You're right that Y11 is not the ideal time to be starting home ed, but at the same time, you don't have the option of choosing to go back in time and do it a few years earlier. The question now is, what is the least bad option?
I would say it really depends how bad the effect is which school is having on your daughter's mental health. Mental health trumps everything. Education is important, but it's never too late to get a good education. It's true that GCSEs are easier to get via school, this year, if that's an option, but the toll that takes on your daughter may be too high.
It may be too late already to jump ship and sit exams as a private candidate. Some GCSEs are not accessible to private candidates, and so home ed kids often do IGCSEs instead. It's a completely equivalent qualification, but the specification is different and in some subjects that means significant extra work. You'd need to find one or more exam centres which take private candidates; not all centres will offer all the subjects you want. Some will be fully booked by now, and the registration deadline for others will have passed.

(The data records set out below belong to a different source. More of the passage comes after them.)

lemma integrand_psi_shell_ge:
  assumes "0 < \<epsilon>" "2 \<le> N" "y \<in> psi_shell N"
  shows "(ln N - ln 2) * exp (- \<epsilon> * q (inv_pos \<psi> (ln N)) / g (ln N)) * q y \<le> integrand \<epsilon> y"
proof -
  let ?s = "inv_pos \<psi> (ln N)"
  have y: "0 \<le> y" "y \<le> ?s" using psi_shell_nonneg[OF assms(2,3)] assms(3) by (simp_all add: psi_shell_def)
  have psi_y: "ln N - ln 2 \<le> \<psi> y" "\<psi> y \<le> ln N" using young_fenchel_on_psi_shell[OF assms(2,3)] by simp_all
  have lnN: "0 \<le> ln N" using assms(2) by simp
  have g: "0 < g (ln N)" "g (ln N) \<le> g (\<psi> y + ln 2)"
    using g_pos[OF lnN] psi_y lnN by (auto intro: mono_onD[OF g_mono])
  have "q y / g (\<psi> y + ln 2) \<le> q y / g (ln N)"
    using g q_nonneg[OF y(1)] by (intro divide_left_mono) auto
  also have "\<dots> \<le> q ?s / g (ln N)"
    using g(1) q_mono[OF y] by (intro divide_right_mono) auto
  finally have "\<epsilon> * (q y / g (\<psi> y + ln 2)) \<le> \<epsilon> * (q ?s / g (ln N))"
    using assms(1) by (intro mult_left_mono) auto
  then have "exp (- \<epsilon> * q ?s / g (ln N)) \<le> exp (- \<epsilon> * q y / g (\<psi> y + ln 2))"
    by simp
  then have "(ln N - ln 2) * exp (- \<epsilon> * q ?s / g (ln N)) \<le> \<psi> y * exp (- \<epsilon> * q y / g (\<psi> y + ln 2))"
    using psi_y(1) young_fenchel_nonneg[of y] assms(2) by (intro mult_mono) auto
  from mult_right_mono[OF this q_nonneg[OF y(1)]] show ?thesis
    unfolding integrand_def by (simp add: ac_simps)
qed

lemma nn_integral_integrand_psi_shell_ge:
  assumes "0 < \<epsilon>" "2 \<le> N"
  shows "ennreal ((ln N - ln 2) * exp (- \<epsilon> * q (inv_pos \<psi> (ln N)) / g (ln N)) * ln 2)
           \<le> (\<integral>\<^sup>+y\<in>psi_shell N. ennreal (integrand \<epsilon> y) \<partial>lborel)"
proof -
  define K where "K = (ln N - ln 2) * exp (- \<epsilon> * q (inv_pos \<psi> (ln N)) / g (ln N))"
  have K: "0 \<le> K" using assms(2) by (simp add: K_def)
  have q_meas: "(\<lambda>y. ennreal (q y) * indicator (psi_shell N) y) \<in> borel_measurable borel"
    using psi_shell_nonneg[OF assms(2)]
    by (intro borel_measurable_mono_on_indicator[OF q_mono_on]) (auto simp: psi_shell_def)
  have "ennreal (K * ln 2) = ennreal K * ennreal (ln 2)"
    using K by (simp add: ennreal_mult)
  also have "\<dots> \<le> ennreal K * (\<integral>\<^sup>+y\<in>psi_shell N. ennreal (q y) \<partial>lborel)"
    using nn_integral_q_psi_shell[OF assms(2)] by (rule mult_left_mono) simp
  also have "\<dots> = (\<integral>\<^sup>+y\<in>psi_shell N. ennreal (K * q y) \<partial>lborel)"
    using K q_meas by (simp add: nn_integral_cmult[symmetric] ennreal_mult' mult.assoc)
  also have "\<dots> \<le> (\<integral>\<^sup>+y\<in>psi_shell N. ennreal (integrand \<epsilon> y) \<partial>lborel)"
    using integrand_psi_shell_ge[OF assms] unfolding K_def
    by (intro nn_integral_mono) (auto simp: indicator_def intro: ennreal_leI)
  finally show ?thesis by (simp add: K_def)
qed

If school is intolerable, it may be worth taking your daughter out and then stopping to take a breath while she recovers, and she takes stock of her overall situation. Exams at 16 are not compulsory. Schools act as if they were, because there's a lot of pressure on schools to push kids through as many exams as possible by that age in order to "prove" the school has educated its children well. But outside the school system, it's a different picture. You can do exams at any age. You can do as many or as few as you want. You can spread them over several years to reduce stress. You can wait until after 16 and do some GCSEs at college for free. All colleges will have some catch-up options, though they won't offer the same range of subjects that schools do.
Most home ed kids who have the capacity for GCSEs do at least a handful at some stage. Some don't. My eldest did one GCSE at 19 and another at 20 and is now doing very well at uni in an arts subject.
So your daughter could leave school now and focus her learning on something other than achieving a set of exam results in the next six months. That is perfectly legal. What does she love doing, academic or otherwise? What makes her come alive? That is often the key to restoring mental health.